Earlier we noted that primes must be $\pm 1$ modulo 6 and 4 or 7 modulo 9 or as you might’ve guessed, primes must fall into congruence classes that are coprime to the modulus at hand. Because if they weren’t, that’d imply the prime shares a divisor with the modulus, contradicting it being a prime in the first place. Dirichlet’s theorem takes this observation a further and proves that infinitely many primes fall into each of these congruence classes. Or in probability terms, the probability that a given prime, $p$, is congruent to some $a$ modulo $n$ where $a$ and $n$ are coprime is $\frac {1}{\varphi(d)}$, where $\varphi(d)$ is Euler’s totient function, which counts the positive integers up to $d$ that are relatively prime to it. Pairing this with the infinitude of primes implies that the primes are uniformly distributed across those congruence classes modulo $d$ (!).

(…but really, go check out the timestamped 3Blue1Brown link above for a visual overview because text doesn’t quite do it justice.)

I’ll pause here.
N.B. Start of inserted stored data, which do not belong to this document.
definition is_birec :: "nat \<Rightarrow> nat \<Rightarrow> 'a::field rmat \<Rightarrow> bool" where
  "is_birec p q X \<longleftrightarrow> is_mat p q X \<and>
     fin_dim_span {lshift p q S' T' (rshift p q S T X) | S T S' T'.
                     (S, T) \<in> Mpq p q \<and> (S', T') \<in> Mpq p q}"

definition iota :: "'a rmat \<Rightarrow> 'a rmat" where
  "iota X = (\<lambda>(U, W). X (rev U, rev W))"

definition mprod :: "nat \<Rightarrow> nat \<Rightarrow> nat \<Rightarrow> 'a::comm_semiring_0 rmat \<Rightarrow> 'a rmat \<Rightarrow> 'a rmat" where
  "mprod p r q A B = (\<lambda>(U, W). if (U, W) \<in> Mpq p q then
      (\<Sum>V\<in>{V. length V = length U \<and> set V \<subseteq> {..<r}}. A (U, V) * B (V, W)) else 0)"

end

theory Submission
  imports Defs
begin

text \<open>For (U, W), (S, T) in M_{p x q} we have
  (rho(S,T) X)[U,W] = X[US,WT] = (lambda(rev U, rev W) X)[S,T]:
  the right shifts of X are the rows and its left shifts the columns of one and the same kernel,
  so one family spans a finite-dimensional space iff the other does. Since left and right shifts
  commute, each two-sided shift of a recurrence matrix is a combination of right shifts, by a fixed
  finite set of words, of left shifts of X; so these span a finite-dimensional space as well.
  The palindromic map iota exchanges left and right shifts, which makes Rec invariant under it,
  and reversing the summation word V is a bijection, which gives iota (A B) = iota A iota B.\<close>

interpretation rmat: vector_space "mscale :: 'a::field \<Rightarrow> 'a rmat \<Rightarrow> 'a rmat"
  by unfold_locales (auto simp: mscale_def fun_eq_iff algebra_simps)

lemma sum_rmat_apply: "(\<Sum>b\<in>B. f b :: 'a::comm_monoid_add rmat) x = (\<Sum>b\<in>B. f b x)"
  by (induction B rule: infinite_finite_induct) auto

lemma fin_dim_span_iff: "fin_dim_span S \<longleftrightarrow> (\<exists>B. finite B \<and> S \<subseteq> rmat.span B)"
proof
  assume "fin_dim_span S"
  then obtain B where "finite B" "rmat.span S \<subseteq> rmat.span B"
    unfolding fin_dim_span_def by blast
  then show "\<exists>B. finite B \<and> S \<subseteq> rmat.span B"
    using rmat.span_superset[of S] by blast
next
  assume "\<exists>B. finite B \<and> S \<subseteq> rmat.span B"
  then show "fin_dim_span S"
    unfolding fin_dim_span_def using rmat.span_minimal[OF _ rmat.subspace_span] by blast
qed

lemma fin_dim_span_subset:
  assumes "fin_dim_span T" "S \<subseteq> rmat.span T"
  shows "fin_dim_span S"
  using assms rmat.span_minimal[OF _ rmat.subspace_span] unfolding fin_dim_span_iff by blast

lemma fin_dim_span_Un:
  assumes "fin_dim_span S" "fin_dim_span T"
  shows "fin_dim_span (S \<union> T)"
proof -
  obtain B where B: "finite B" "S \<subseteq> rmat.span B"
    using assms(1) fin_dim_span_iff by blast
  obtain C where C: "finite C" "T \<subseteq> rmat.span C"
    using assms(2) fin_dim_span_iff by blast
  have "S \<union> T \<subseteq> rmat.span (B \<union> C)"
    using B(2) C(2) rmat.span_mono[of B "B \<union> C"] rmat.span_mono[of C "B \<union> C"] by blast
  with B(1) C(1) show ?thesis
    unfolding fin_dim_span_iff by blast
qed

lemma fin_dim_span_spanning_subset:
  assumes "fin_dim_span S"
  obtains F where "finite F" "F \<subseteq> S" "S \<subseteq> rmat.span F"
proof -
  obtain B where B: "finite B" "S \<subseteq> rmat.span B"
    using assms fin_dim_span_iff by blast
  obtain F where F: "F \<subseteq> S" "rmat.independent F" "S \<subseteq> rmat.span F"
    using rmat.maximal_independent_subset by blast
  have "finite F"
    using rmat.independent_span_bound[OF B(1) F(2)] F(1) B(2) by blast
  with F that show ?thesis by blast
qed

lemma fin_dim_span_linear_image:
  assumes "module_hom mscale mscale L" "fin_dim_span S"
  shows "fin_dim_span (L ` S)"
proof -
  obtain B where B: "finite B" "S \<subseteq> rmat.span B"
    using assms(2) fin_dim_span_iff by blast
  then have "L ` S \<subseteq> rmat.span (L ` B)"
    using module_hom.span_image[OF assms(1)] by blast
  with B(1) show ?thesis
    unfolding fin_dim_span_iff by blast
qed

text \<open>Row rank equals column rank for a kernel (x, i) \<mapsto> R x (\<tau> i): expanding each row R x
  in a finite spanning set B writes every column as a combination of the |B| coefficient functions.\<close>

lemma fin_dim_span_transpose:
  fixes R :: "nat list \<times> nat list \<Rightarrow> 'a::field rmat" and C :: "'i \<Rightarrow> 'a rmat"
  assumes rows: "fin_dim_span (R ` D)"
    and cols: "\<And>i x. i \<in> I \<Longrightarrow> x \<in> D \<Longrightarrow> C i x = R x (\<tau> i)"
    and cols_zero: "\<And>i x. i \<in> I \<Longrightarrow> x \<notin> D \<Longrightarrow> C i x = 0"
  shows "fin_dim_span (C ` I)"
proof -
  obtain B where B: "finite B" "R ` D \<subseteq> rmat.span B"
    using rows fin_dim_span_iff by blast
  have "\<forall>x\<in>D. \<exists>c. R x = (\<Sum>b\<in>B. mscale (c b) b)"
    using B rmat.span_finite by blast
  then obtain c where c: "\<forall>x\<in>D. R x = (\<Sum>b\<in>B. mscale (c x b) b)"
    by (rule bchoice[THEN exE])
  define a where "a b x = (if x \<in> D then c x b else 0)" for b x
  have "C i = (\<Sum>b\<in>B. mscale (b (\<tau> i)) (a b))" if "i \<in> I" for i
  proof
    fix x
    show "C i x = (\<Sum>b\<in>B. mscale (b (\<tau> i)) (a b)) x"
      using that c cols[of i x] cols_zero[of i x]
      by (cases "x \<in> D") (simp_all add: a_def sum_rmat_apply mscale_def mult.commute)
  qed
  moreover have "(\<Sum>b\<in>B. mscale (k b) (a b)) \<in> rmat.span (a ` B)" for k
    by (intro rmat.span_sum rmat.span_scale rmat.span_base imageI)
  ultimately have "C ` I \<subseteq> rmat.span (a ` B)"
    by auto
  with B(1) show ?thesis
    unfolding fin_dim_span_iff by blast
qed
Hopefully once I’ve learned enough complex analysis to understand the theorem’s proof, I’ll try to bring it down from orbit and into another post.

Until then.


Special thanks to Nate, Soroush, and Davide for workshopping an early version of BinaryInteger.isPrime. Also to Daniel for his work on Algorithms.Sequence.reductions(_:_:) and another round of thanks to Nate for .Collection.cycled(times:) and .Collection.permutations(ofCount:) in the same package.

Footnotes

  1. Turns out this question mirrors Project Euler #41, where the problem is phrased as “finding the largest pandigital prime.” 

  2. swift-algorithm’s Sequence.reductions(_:_:) carries the baton from an early revision of SE-0045 that included it under the scan naming, but was ultimately nixed because of low utility. 

  3. Other variants of this problem expand the digit range from (1...m) to (0...m). I’ll leave this variant as an exercise for the dedicated reader. 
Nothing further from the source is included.